WHAT YOU ARE ASKED TO DO: Answer with a number only, giving how many lines in the data below include "rule".

** Opening DATA IN THIS EXERCISE block **

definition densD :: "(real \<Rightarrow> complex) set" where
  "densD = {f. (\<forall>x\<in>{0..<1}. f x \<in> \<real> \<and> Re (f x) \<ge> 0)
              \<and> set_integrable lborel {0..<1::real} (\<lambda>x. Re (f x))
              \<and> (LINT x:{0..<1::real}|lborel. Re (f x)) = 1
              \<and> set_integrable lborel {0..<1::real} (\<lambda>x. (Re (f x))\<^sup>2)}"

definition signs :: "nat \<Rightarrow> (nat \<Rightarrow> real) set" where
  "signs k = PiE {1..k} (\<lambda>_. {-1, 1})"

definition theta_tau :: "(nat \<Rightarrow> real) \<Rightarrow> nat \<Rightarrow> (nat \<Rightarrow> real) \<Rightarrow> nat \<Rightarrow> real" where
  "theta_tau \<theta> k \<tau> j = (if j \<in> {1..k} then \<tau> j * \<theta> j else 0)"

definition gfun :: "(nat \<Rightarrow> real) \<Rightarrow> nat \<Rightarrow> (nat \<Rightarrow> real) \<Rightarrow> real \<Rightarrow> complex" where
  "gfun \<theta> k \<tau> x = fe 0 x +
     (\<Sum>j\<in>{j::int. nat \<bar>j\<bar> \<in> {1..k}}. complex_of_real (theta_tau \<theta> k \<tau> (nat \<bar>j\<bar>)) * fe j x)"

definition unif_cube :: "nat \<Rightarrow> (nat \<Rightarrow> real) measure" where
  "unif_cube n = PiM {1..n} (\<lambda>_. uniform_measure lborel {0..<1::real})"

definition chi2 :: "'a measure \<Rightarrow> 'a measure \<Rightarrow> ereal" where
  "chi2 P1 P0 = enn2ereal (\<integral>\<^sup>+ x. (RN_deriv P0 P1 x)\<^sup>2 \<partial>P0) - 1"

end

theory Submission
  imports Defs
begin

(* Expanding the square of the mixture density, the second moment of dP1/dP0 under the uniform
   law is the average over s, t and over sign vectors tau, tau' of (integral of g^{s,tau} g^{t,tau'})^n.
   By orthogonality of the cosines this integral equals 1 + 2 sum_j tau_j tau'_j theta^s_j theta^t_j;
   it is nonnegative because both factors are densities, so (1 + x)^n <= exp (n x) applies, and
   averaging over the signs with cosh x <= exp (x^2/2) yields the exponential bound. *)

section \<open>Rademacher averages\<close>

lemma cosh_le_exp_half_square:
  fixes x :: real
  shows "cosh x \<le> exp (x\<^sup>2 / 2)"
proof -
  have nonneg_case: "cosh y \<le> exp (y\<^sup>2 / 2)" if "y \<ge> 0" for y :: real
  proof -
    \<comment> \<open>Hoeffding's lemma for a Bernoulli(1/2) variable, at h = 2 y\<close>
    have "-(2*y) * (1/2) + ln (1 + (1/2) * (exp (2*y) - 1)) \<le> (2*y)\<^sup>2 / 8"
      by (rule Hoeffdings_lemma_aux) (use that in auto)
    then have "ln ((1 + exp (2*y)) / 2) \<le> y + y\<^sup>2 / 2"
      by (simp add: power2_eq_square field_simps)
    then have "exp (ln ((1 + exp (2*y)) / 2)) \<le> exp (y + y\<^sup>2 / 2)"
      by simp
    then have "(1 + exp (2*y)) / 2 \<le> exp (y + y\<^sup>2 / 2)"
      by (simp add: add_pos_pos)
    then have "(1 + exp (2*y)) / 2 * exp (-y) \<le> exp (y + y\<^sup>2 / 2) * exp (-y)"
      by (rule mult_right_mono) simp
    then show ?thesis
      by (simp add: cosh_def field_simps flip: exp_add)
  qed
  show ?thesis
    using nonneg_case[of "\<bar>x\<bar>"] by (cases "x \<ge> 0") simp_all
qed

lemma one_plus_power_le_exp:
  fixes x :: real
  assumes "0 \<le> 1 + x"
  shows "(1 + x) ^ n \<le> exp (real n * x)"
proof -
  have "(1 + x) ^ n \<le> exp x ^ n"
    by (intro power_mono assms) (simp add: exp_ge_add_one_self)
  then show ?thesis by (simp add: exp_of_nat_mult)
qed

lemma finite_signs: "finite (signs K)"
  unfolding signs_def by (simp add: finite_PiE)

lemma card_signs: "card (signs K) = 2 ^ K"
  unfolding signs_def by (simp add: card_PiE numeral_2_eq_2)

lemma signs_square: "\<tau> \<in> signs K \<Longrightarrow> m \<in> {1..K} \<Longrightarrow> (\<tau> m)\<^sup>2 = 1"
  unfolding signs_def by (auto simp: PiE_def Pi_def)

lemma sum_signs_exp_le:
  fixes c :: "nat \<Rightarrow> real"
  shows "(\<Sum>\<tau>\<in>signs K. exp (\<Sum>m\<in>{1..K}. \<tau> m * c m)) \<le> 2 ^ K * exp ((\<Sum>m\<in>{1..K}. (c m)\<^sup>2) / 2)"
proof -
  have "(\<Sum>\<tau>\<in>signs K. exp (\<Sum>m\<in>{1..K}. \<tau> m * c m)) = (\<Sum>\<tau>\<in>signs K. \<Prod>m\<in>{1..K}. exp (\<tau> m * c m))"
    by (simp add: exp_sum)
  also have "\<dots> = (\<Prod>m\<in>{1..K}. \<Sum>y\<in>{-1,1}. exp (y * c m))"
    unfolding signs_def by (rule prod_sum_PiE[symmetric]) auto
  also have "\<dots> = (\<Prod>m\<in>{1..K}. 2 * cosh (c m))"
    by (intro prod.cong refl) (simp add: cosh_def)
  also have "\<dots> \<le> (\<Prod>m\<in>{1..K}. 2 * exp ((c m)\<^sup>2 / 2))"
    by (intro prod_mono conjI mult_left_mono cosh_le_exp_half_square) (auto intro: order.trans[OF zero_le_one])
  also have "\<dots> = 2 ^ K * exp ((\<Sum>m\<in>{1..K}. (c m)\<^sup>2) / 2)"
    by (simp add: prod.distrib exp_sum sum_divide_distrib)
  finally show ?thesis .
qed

** Closing DATA IN THIS EXERCISE block **
** Opening DATA IN THIS EXERCISE block **

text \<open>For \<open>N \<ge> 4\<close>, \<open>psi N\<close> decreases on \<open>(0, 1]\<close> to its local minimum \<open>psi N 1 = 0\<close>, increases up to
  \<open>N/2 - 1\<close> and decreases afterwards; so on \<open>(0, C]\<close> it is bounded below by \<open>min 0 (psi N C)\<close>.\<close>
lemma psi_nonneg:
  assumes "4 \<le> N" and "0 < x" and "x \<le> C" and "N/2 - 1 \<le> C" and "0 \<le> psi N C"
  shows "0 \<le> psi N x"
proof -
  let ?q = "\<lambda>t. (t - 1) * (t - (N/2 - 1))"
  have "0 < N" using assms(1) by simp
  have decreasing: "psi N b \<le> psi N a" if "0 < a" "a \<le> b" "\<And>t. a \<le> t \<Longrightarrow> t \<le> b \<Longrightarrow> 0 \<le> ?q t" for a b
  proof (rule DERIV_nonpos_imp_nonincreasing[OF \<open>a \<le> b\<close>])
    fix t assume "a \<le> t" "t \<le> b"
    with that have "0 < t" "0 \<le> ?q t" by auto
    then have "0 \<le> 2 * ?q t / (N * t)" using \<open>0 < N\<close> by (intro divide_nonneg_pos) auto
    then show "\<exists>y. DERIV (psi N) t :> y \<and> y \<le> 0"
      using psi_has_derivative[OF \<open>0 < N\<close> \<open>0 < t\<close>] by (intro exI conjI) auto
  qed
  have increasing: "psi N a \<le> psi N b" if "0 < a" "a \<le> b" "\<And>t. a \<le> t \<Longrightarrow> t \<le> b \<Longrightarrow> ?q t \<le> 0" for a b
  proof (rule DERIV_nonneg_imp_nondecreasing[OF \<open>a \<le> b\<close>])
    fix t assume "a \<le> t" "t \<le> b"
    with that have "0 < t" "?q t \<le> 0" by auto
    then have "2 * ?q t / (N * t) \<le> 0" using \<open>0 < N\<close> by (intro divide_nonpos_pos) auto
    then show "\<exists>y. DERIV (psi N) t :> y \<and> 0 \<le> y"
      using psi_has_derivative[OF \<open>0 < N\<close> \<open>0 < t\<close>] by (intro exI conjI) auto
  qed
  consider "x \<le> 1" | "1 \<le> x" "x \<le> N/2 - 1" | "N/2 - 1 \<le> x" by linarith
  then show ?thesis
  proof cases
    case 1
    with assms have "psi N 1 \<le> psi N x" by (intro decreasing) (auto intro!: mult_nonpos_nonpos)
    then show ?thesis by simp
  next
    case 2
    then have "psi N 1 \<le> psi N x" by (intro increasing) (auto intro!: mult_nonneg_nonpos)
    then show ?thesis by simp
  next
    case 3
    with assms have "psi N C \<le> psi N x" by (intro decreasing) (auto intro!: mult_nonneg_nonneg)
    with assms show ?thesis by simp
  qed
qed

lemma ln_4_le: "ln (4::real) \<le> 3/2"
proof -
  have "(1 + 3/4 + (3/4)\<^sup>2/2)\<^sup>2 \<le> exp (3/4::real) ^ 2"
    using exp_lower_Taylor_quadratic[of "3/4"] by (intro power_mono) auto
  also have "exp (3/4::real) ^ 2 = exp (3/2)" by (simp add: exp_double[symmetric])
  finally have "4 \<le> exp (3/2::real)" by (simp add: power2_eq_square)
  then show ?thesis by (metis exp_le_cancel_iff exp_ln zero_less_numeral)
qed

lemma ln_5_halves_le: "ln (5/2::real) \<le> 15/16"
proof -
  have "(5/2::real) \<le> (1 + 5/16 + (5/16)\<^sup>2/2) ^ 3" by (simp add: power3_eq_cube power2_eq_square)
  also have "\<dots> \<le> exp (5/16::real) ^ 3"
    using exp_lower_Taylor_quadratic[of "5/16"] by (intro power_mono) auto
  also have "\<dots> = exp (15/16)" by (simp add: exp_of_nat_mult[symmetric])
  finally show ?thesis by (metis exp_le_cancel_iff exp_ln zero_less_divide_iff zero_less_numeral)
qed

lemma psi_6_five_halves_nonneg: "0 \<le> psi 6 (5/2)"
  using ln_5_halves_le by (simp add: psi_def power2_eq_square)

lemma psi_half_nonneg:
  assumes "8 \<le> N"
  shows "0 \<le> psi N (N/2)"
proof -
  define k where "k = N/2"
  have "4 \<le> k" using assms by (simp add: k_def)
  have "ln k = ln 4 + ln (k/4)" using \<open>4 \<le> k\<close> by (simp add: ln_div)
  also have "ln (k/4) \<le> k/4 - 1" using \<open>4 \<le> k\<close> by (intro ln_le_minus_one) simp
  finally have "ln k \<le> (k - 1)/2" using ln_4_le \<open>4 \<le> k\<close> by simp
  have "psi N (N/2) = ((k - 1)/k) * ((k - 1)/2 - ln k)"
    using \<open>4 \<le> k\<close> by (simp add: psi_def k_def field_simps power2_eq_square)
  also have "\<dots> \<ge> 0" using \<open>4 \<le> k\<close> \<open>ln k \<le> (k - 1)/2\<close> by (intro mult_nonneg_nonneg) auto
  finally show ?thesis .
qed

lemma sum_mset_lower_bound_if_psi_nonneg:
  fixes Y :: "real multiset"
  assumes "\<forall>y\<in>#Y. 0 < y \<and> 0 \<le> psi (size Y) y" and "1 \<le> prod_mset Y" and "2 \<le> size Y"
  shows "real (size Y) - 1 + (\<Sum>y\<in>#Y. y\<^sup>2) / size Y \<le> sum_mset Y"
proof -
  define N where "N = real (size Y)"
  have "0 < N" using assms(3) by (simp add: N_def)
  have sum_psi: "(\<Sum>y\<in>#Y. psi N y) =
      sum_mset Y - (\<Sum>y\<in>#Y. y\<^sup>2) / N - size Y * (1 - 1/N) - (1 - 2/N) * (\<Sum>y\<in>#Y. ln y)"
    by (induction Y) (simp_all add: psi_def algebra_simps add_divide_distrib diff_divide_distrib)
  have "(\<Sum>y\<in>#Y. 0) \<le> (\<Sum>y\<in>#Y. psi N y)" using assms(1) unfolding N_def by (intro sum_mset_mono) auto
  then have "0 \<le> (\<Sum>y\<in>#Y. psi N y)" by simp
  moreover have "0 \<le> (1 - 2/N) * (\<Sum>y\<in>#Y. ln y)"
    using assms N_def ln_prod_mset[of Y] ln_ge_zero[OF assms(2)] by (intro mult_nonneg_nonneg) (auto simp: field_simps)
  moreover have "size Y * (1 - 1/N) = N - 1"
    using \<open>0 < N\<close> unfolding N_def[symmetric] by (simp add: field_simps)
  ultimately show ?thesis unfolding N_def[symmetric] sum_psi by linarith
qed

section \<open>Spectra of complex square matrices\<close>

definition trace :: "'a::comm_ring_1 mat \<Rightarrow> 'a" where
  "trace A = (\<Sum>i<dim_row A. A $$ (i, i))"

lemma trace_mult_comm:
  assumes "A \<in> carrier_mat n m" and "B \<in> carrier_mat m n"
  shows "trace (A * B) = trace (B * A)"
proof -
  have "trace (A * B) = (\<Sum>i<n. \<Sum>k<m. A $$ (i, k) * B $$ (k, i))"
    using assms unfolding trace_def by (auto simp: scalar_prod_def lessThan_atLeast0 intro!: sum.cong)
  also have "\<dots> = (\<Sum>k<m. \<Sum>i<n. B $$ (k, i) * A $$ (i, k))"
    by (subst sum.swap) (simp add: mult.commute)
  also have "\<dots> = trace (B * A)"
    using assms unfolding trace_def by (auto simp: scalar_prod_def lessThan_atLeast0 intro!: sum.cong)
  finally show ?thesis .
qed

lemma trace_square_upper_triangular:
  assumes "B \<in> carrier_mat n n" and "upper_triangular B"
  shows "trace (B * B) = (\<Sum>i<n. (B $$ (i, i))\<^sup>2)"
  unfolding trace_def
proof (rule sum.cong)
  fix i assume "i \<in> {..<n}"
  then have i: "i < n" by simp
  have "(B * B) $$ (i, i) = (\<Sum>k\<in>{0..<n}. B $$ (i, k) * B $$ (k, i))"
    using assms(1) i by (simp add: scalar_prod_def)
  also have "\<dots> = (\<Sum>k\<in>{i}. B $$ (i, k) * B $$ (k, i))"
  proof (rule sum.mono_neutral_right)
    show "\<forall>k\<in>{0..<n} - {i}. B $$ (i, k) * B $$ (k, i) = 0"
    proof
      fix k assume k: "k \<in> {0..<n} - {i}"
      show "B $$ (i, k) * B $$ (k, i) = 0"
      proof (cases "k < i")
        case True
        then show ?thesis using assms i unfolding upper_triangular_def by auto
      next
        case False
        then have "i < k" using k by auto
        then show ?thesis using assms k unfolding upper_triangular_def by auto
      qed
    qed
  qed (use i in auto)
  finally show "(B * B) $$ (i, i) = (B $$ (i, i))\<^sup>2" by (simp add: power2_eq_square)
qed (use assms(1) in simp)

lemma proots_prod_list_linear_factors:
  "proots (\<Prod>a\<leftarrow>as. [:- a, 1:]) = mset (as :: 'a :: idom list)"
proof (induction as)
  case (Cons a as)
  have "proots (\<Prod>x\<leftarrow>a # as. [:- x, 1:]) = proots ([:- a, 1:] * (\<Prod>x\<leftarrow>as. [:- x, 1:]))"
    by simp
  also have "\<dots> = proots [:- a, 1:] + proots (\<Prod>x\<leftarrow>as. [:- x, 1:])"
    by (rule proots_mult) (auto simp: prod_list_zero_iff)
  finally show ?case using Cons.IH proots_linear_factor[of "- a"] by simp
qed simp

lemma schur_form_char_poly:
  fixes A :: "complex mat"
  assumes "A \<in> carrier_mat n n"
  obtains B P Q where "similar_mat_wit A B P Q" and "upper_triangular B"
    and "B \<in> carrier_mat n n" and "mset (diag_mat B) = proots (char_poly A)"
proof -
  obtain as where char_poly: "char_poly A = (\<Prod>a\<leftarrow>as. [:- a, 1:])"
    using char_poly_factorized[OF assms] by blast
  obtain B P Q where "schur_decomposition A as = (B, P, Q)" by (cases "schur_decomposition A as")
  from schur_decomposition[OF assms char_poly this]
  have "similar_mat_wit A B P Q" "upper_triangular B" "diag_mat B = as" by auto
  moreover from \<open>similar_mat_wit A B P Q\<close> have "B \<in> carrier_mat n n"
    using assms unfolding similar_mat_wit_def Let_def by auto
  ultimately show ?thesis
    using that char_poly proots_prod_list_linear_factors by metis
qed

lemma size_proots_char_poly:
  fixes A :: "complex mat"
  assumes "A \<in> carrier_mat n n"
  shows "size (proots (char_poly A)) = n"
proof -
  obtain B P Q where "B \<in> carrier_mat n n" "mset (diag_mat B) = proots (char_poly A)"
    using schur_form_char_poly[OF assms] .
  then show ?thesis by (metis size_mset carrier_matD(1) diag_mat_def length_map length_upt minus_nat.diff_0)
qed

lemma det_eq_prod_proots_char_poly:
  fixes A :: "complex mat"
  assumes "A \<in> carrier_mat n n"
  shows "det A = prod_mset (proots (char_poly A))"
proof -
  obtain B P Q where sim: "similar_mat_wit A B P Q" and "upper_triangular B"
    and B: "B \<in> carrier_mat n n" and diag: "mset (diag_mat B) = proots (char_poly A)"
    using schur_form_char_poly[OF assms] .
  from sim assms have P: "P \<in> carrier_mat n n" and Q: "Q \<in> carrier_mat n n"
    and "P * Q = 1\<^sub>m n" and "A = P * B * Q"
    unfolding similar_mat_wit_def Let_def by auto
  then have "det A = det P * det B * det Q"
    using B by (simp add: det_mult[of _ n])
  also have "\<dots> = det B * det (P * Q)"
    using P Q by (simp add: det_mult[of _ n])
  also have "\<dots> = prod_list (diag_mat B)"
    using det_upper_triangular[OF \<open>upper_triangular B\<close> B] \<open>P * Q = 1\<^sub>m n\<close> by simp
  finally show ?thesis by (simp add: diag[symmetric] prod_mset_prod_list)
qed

** Closing DATA IN THIS EXERCISE block **

TASK OUTPUT: 8